Unnamed: 0,compound,seq_type,Nham_aa,aa_seq,s,cscore,refined_class,sensres,locus
0,anidulafungin,single,1.0,*LVLSLRDP,0.230635,1.0,WT-like,sensitive,FKS1-HS1
1,anidulafungin,single,1.0,ALVLSLRDP,1.756300,1.0,intermediary,resistant,FKS1-HS1
2,anidulafungin,single,1.0,DLVLSLRDP,0.047285,1.0,WT-like,sensitive,FKS1-HS1
3,anidulafungin,single,1.0,ELVLSLRDP,0.266907,1.0,WT-like,sensitive,FKS1-HS1
4,anidulafungin,single,1.0,F*VLSLRDP,0.165205,1.0,WT-like,sensitive,FKS1-HS1
...,...,...,...,...,...,...,...,...,...
20651,micafungin,,,YWVRVYTL,4.483994,2.0,WT-like,sensitive,FKS1-HS2
20652,micafungin,,,YWVRWYTL,11.479603,1.0,resistant,resistant,FKS1-HS2
20653,micafungin,,,YWVSRYTL,-3.195642,1.0,WT-like,sensitive,FKS1-HS2
20654,micafungin,,,YWVVRYTL,-1.842202,2.0,WT-like,sensitive,FKS1-HS2


## Get mutations

In [4]:
def get_mutations(aa, wt, offset):
    lmut = [wt[i]+str(i+offset)+v for i,v in enumerate(aa) if wt[i] != v]
    return ','.join(lmut)

In [5]:
df['mutation'] = df.apply(lambda row: get_mutations(row.aa_seq, wt_hotspots[row.locus], pos_offset[row.locus]), axis=1)
df

Unnamed: 0,compound,seq_type,Nham_aa,aa_seq,s,cscore,refined_class,sensres,locus,mutation
0,anidulafungin,single,1.0,*LVLSLRDP,0.230635,1.0,WT-like,sensitive,FKS1-HS1,F639*
1,anidulafungin,single,1.0,ALVLSLRDP,1.756300,1.0,intermediary,resistant,FKS1-HS1,F639A
2,anidulafungin,single,1.0,DLVLSLRDP,0.047285,1.0,WT-like,sensitive,FKS1-HS1,F639D
3,anidulafungin,single,1.0,ELVLSLRDP,0.266907,1.0,WT-like,sensitive,FKS1-HS1,F639E
4,anidulafungin,single,1.0,F*VLSLRDP,0.165205,1.0,WT-like,sensitive,FKS1-HS1,L640*
...,...,...,...,...,...,...,...,...,...,...
20651,micafungin,,,YWVRVYTL,4.483994,2.0,WT-like,sensitive,FKS1-HS2,"D1353Y,R1357V"
20652,micafungin,,,YWVRWYTL,11.479603,1.0,resistant,resistant,FKS1-HS2,"D1353Y,R1357W"
20653,micafungin,,,YWVSRYTL,-3.195642,1.0,WT-like,sensitive,FKS1-HS2,"D1353Y,R1356S"
20654,micafungin,,,YWVVRYTL,-1.842202,2.0,WT-like,sensitive,FKS1-HS2,"D1353Y,R1356V"


In [6]:
df[df.duplicated(subset=['compound','aa_seq'], keep=False)]

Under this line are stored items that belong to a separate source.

(* Let $\Phi$ be a root system of type $A_r$ with the usual numbering of simple roots, and let $j$ be an integer with $1\le j\le \frac{r+1}{2}$. Then $$v_j(\Phi)=v_{r+1-j}(\Phi)\ge j\max(1,\log r-\log j),$$ where $\log$ is the natural logarithm.
   Context: For a reduced irreducible root system $\Phi$ with simple roots $\alpha_1,\ldots,\alpha_r$, write each positive root as $\beta=\sum_{j=1}^r a_{\beta,j}\alpha_j$ with non-negative integers $a_{\beta,j}$, and set $v_j(\Phi)=\sum_{\beta\in\Phi^+}\frac{a_{\beta,j}}{\sum_{k=1}^r a_{\beta,k}}$. For type $A_r$ with usual numbering, the positive roots are $\alpha_i+\cdots+\alpha_k$, $1\le i\le k\le r$. *)

theory Defs
  imports Complex_Main
begin

text \<open>A positive root of a root system of rank r with simple roots alpha_1..alpha_r is
represented by its coefficient vector m \<mapsto> a_{beta,m} (m = 1..r).\<close>

definition v_index :: "nat \<Rightarrow> (nat \<Rightarrow> nat) set \<Rightarrow> nat \<Rightarrow> real" where
  "v_index r Pos j = (\<Sum>\<beta>\<in>Pos. real (\<beta> j) / real (\<Sum>k=1..r. \<beta> k))"

definition pos_roots_A :: "nat \<Rightarrow> (nat \<Rightarrow> nat) set" where
  "pos_roots_A r = {(\<lambda>m. if i \<le> m \<and> m \<le> k then 1 else 0) | i k. 1 \<le> i \<and> i \<le> k \<and> k \<le> r}"

end

theory Submission
  imports Defs
begin

text \<open>The root \<open>\<alpha>\<^sub>i + \<dots> + \<alpha>\<^sub>k\<close> has height \<open>k + 1 - i\<close>, so \<open>v\<^sub>j\<close> is the sum of
  \<open>1/(k + 1 - i)\<close> over \<open>1 \<le> i \<le> j \<le> k \<le> r\<close>, and the diagram involution
  \<open>(i, k) \<mapsto> (r + 1 - k, r + 1 - i)\<close> gives the symmetry. For fixed \<open>i\<close> the inner sum is the
  harmonic block \<open>1/(j + 1 - i) + \<dots> + 1/(r + 1 - i)\<close>, which comparison with \<open>ln\<close> bounds
  below by \<open>ln (r/j)\<close>. Alternatively, as \<open>2j \<le> r + 1\<close>, every block contains
  \<open>1/(j + 1 - i) + \<dots> + 1/j\<close>, and these truncated blocks sum to exactly \<open>j\<close> because
  \<open>1/L\<close> occurs in \<open>L\<close> of them.\<close>

definition interval_root :: "nat \<Rightarrow> nat \<Rightarrow> nat \<Rightarrow> nat" where
  "interval_root i k m = (if i \<le> m \<and> m \<le> k then 1 else 0)"

lemma pos_roots_A_eq_image:
  "pos_roots_A r = (\<lambda>(i, k). interval_root i k) ` {(i, k). 1 \<le> i \<and> i \<le> k \<and> k \<le> r}"
  unfolding pos_roots_A_def interval_root_def by (auto simp: image_iff)

lemma interval_root_support: "{m. interval_root i k m = 1} = {i..k}"
  by (auto simp: interval_root_def)

lemma inj_on_interval_root: "inj_on (\<lambda>(i, k). interval_root i k) {(i, k). i \<le> k}"
proof (rule inj_onI, clarsimp)
  fix i k i' k' :: nat
  assume "i \<le> k" "i' \<le> k'" "interval_root i k = interval_root i' k'"
  then show "i = i' \<and> k = k'"
    using interval_root_support[of i k] interval_root_support[of i' k'] by simp
qed

lemma sum_interval_root:
  assumes "1 \<le> i" "k \<le> r"
  shows "(\<Sum>m=1..r. interval_root i k m) = k + 1 - i"
proof -
  have "(\<Sum>m=1..r. interval_root i k m) = card ({1..r} \<inter> {i..k})"
    by (simp add: interval_root_def sum.If_cases Int_def)
  also have "{1..r} \<inter> {i..k} = {i..k}" using assms by auto
  finally show ?thesis by simp
qed

lemma v_index_pos_roots_A:
  "v_index r (pos_roots_A r) j =
     (\<Sum>(i, k)\<in>{(i, k). 1 \<le> i \<and> i \<le> j \<and> j \<le> k \<and> k \<le> r}. 1 / real (k + 1 - i))"
proof -
  let ?P = "{(i, k). 1 \<le> i \<and> i \<le> k \<and> k \<le> r}"
  have "v_index r (pos_roots_A r) j =
      (\<Sum>(i, k)\<in>?P. real (interval_root i k j) / real (k + 1 - i))"
    unfolding v_index_def pos_roots_A_eq_image
  proof (subst sum.reindex)
    show "inj_on (\<lambda>(i, k). interval_root i k) ?P"
      by (rule inj_on_subset[OF inj_on_interval_root]) auto
  qed (auto simp: sum_interval_root[simplified] simp del: of_nat_sum intro!: sum.cong)
  also have "\<dots> = (\<Sum>(i, k)\<in>{(i, k). 1 \<le> i \<and> i \<le> j \<and> j \<le> k \<and> k \<le> r}. 1 / real (k + 1 - i))"
    by (rule sum.mono_neutral_cong_right)
       (auto simp: interval_root_def split: if_splits intro: finite_subset[of _ "{..r} \<times> {..r}"])
  finally show ?thesis .
qed

lemma v_index_A_symmetric:
  assumes "j \<le> r"
  shows "v_index r (pos_roots_A r) (r + 1 - j) = v_index r (pos_roots_A r) j"
  unfolding v_index_pos_roots_A
  by (rule sum.reindex_bij_witness[where i="\<lambda>(i, k). (r + 1 - k, r + 1 - i)"
                                     and j="\<lambda>(i, k). (r + 1 - k, r + 1 - i)"])
     (use assms in auto)

lemma v_index_A_harmonic_blocks:
  "v_index r (pos_roots_A r) j = (\<Sum>i=1..j. \<Sum>L=j+1-i..r+1-i. 1 / real L)"
proof -
  have "{(i, k). 1 \<le> i \<and> i \<le> j \<and> j \<le> k \<and> k \<le> r} = {1..j} \<times> {j..r}"
    by auto
  then have "v_index r (pos_roots_A r) j = (\<Sum>i=1..j. \<Sum>k=j..r. 1 / real (k + 1 - i))"
    by (simp only: v_index_pos_roots_A sum.cartesian_product)
  also have "\<dots> = (\<Sum>i=1..j. \<Sum>L=j+1-i..r+1-i. 1 / real L)"
  proof (rule sum.cong[OF refl])
    fix i assume "i \<in> {1..j}"
    then show "(\<Sum>k=j..r. 1 / real (k + 1 - i)) = (\<Sum>L=j+1-i..r+1-i. 1 / real L)"
      by (intro sum.reindex_bij_witness[where i="\<lambda>L. L + i - 1" and j="\<lambda>k. k + 1 - i"]) auto
  qed
  finally show ?thesis .
qed

lemma ln_le_sum_inverse:
  assumes "0 < a"
  shows "ln (real (b + 1) / real a) \<le> (\<Sum>L=a..b. 1 / real L)"
proof (induction b)
  case 0
  then show ?case using assms by (simp add: ln_div)
next
  case (Suc b)
  show ?case
  proof (cases "a \<le> Suc b")
    case True
    have "ln (real (Suc b + 1) / real a)
        = ln (real (b + 1) / real a) + ln (real (Suc b + 1) / real (Suc b))"
      using assms by (simp add: ln_div)
    also have "ln (real (Suc b + 1) / real (Suc b)) \<le> 1 / real (Suc b)"
      using ln_le_minus_one[of "real (Suc b + 1) / real (Suc b)"] by (simp add: field_simps)
    finally show ?thesis
      using Suc.IH True by (simp add: atLeastAtMostSuc_conv)
  next
    case False
    then have "ln (real (Suc b + 1) / real a) \<le> 0" by simp
    also have "0 \<le> (\<Sum>L=a..Suc b. 1 / real L)" by (intro sum_nonneg) simp
    finally show ?thesis .
  qed
qed

lemma sum_harmonic_tails: "(\<Sum>m=1..n. \<Sum>L=m..n. 1 / real L) = real n"
proof (induction n)
  case 0
  then show ?case by simp
next
  case (Suc n)
  have "(\<Sum>m=1..Suc n. \<Sum>L=m..Suc n. 1 / real L)
      = (\<Sum>m=1..Suc n. (\<Sum>L=m..n. 1 / real L) + 1 / real (Suc n))"
    by (intro sum.cong refl) (auto simp: atLeastAtMostSuc_conv)
  also have "\<dots> = (\<Sum>m=1..n. \<Sum>L=m..n. 1 / real L) + 1"
    by (simp add: sum.distrib)
  finally show ?case using Suc.IH by simp
qed

lemma v_index_A_ge_index:
  assumes "2 * j \<le> r + 1"
  shows "real j \<le> v_index r (pos_roots_A r) j"
proof -
  have "real j = (\<Sum>i=1..j. \<Sum>L=j+1-i..j. 1 / real L)"
  proof -
    have "(\<Sum>i=1..j. \<Sum>L=j+1-i..j. 1 / real L) = (\<Sum>m=1..j. \<Sum>L=m..j. 1 / real L)"
      by (rule sum.reindex_bij_witness[where i="\<lambda>m. j + 1 - m" and j="\<lambda>i. j + 1 - i"]) auto
    then show ?thesis using sum_harmonic_tails[of j] by simp
  qed
  also have "\<dots> \<le> (\<Sum>i=1..j. \<Sum>L=j+1-i..r+1-i. 1 / real L)"
    using assms by (intro sum_mono sum_mono2) auto
  finally show ?thesis by (simp add: v_index_A_harmonic_blocks)
qed

lemma log_ratio_le_block_ratio:
  assumes "1 \<le> i" "i \<le> j" "j \<le> r"
  shows "ln (real r / real j) \<le> ln (real (r + 2 - i) / real (j + 1 - i))"
proof -
  have "real j * real (r + 2 - i) - real r * real (j + 1 - i) = (real r - real j) * (real i - 1) + real j"
    using assms by (simp add: of_nat_diff algebra_simps)
  also have "\<dots> \<ge> 0" using assms by simp
  finally have "real r / real j \<le> real (r + 2 - i) / real (j + 1 - i)"
    using assms by (simp add: divide_simps mult.commute)
  then show ?thesis using assms by simp
qed

lemma v_index_A_ge_log:
  assumes "1 \<le> j" "j \<le> r"
  shows "real j * (ln (real r) - ln (real j)) \<le> v_index r (pos_roots_A r) j"
proof -
  have "real j * (ln (real r) - ln (real j)) = (\<Sum>i=1..j. ln (real r / real j))"
    using assms by (simp add: ln_div)
  also have "\<dots> \<le> (\<Sum>i=1..j. ln (real (r + 2 - i) / real (j + 1 - i)))"
    using assms by (intro sum_mono log_ratio_le_block_ratio) auto
  also have "\<dots> \<le> (\<Sum>i=1..j. \<Sum>L=j+1-i..r+1-i. 1 / real L)"
  proof (intro sum_mono)
    fix i assume "i \<in> {1..j}"
    then show "ln (real (r + 2 - i) / real (j + 1 - i)) \<le> (\<Sum>L=j+1-i..r+1-i. 1 / real L)"
      using ln_le_sum_inverse[of "j + 1 - i" "r + 1 - i"] assms by (simp add: Suc_diff_le)
  qed
  finally show ?thesis by (simp add: v_index_A_harmonic_blocks)
qed

theorem lemma2p2:
  fixes r j :: nat
  assumes "1 \<le> j" and "2 * j \<le> r + 1"
  shows "v_index r (pos_roots_A r) j = v_index r (pos_roots_A r) (r + 1 - j)
       \<and> v_index r (pos_roots_A r) j \<ge> real j * max 1 (ln (real r) - ln (real j))"
proof -
  have "j \<le> r" using assms by simp
  then have "real j * max 1 (ln (real r) - ln (real j)) \<le> v_index r (pos_roots_A r) j"
    using v_index_A_ge_index[OF assms(2)] v_index_A_ge_log[OF assms(1)] by (simp add: max_def)
  then show ?thesis using v_index_A_symmetric[OF \<open>j \<le> r\<close>] by simp
qed

end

Unnamed: 0,compound,seq_type,Nham_aa,aa_seq,s,cscore,refined_class,sensres,locus,mutation
39,anidulafungin,single,1.0,FLVKSLRDP,0.752623,1.0,intermediary,resistant,FKS1-HS1,L642K
147,anidulafungin,single,1.0,FLWLSLRDP,1.492155,1.0,intermediary,resistant,FKS1-HS1,V641W
213,caspofungin,single,1.0,FLVKSLRDP,1.885922,1.0,resistant,resistant,FKS1-HS1,L642K
321,caspofungin,single,1.0,FLWLSLRDP,0.936245,1.0,intermediary,resistant,FKS1-HS1,V641W
529,anidulafungin,single,1.0,FLVKSLRDP,1.007996,1.0,intermediary,resistant,FKS1-HS1,L642K
530,caspofungin,single,1.0,FLVKSLRDP,1.866959,1.0,resistant,resistant,FKS1-HS1,L642K
538,anidulafungin,single,1.0,FLWLSLRDP,1.446169,1.0,intermediary,resistant,FKS1-HS1,V641W
539,caspofungin,single,1.0,FLWLSLRDP,1.040897,1.0,intermediary,resistant,FKS1-HS1,V641W


## Get degree of evidence

All observations should be attributed a MARDy 2 degree of 3, except for mutants individually recreated in the lab. For mutants for which we do not have DMS data, an inferred was inferred by linear regression from normalized individual growth measurements.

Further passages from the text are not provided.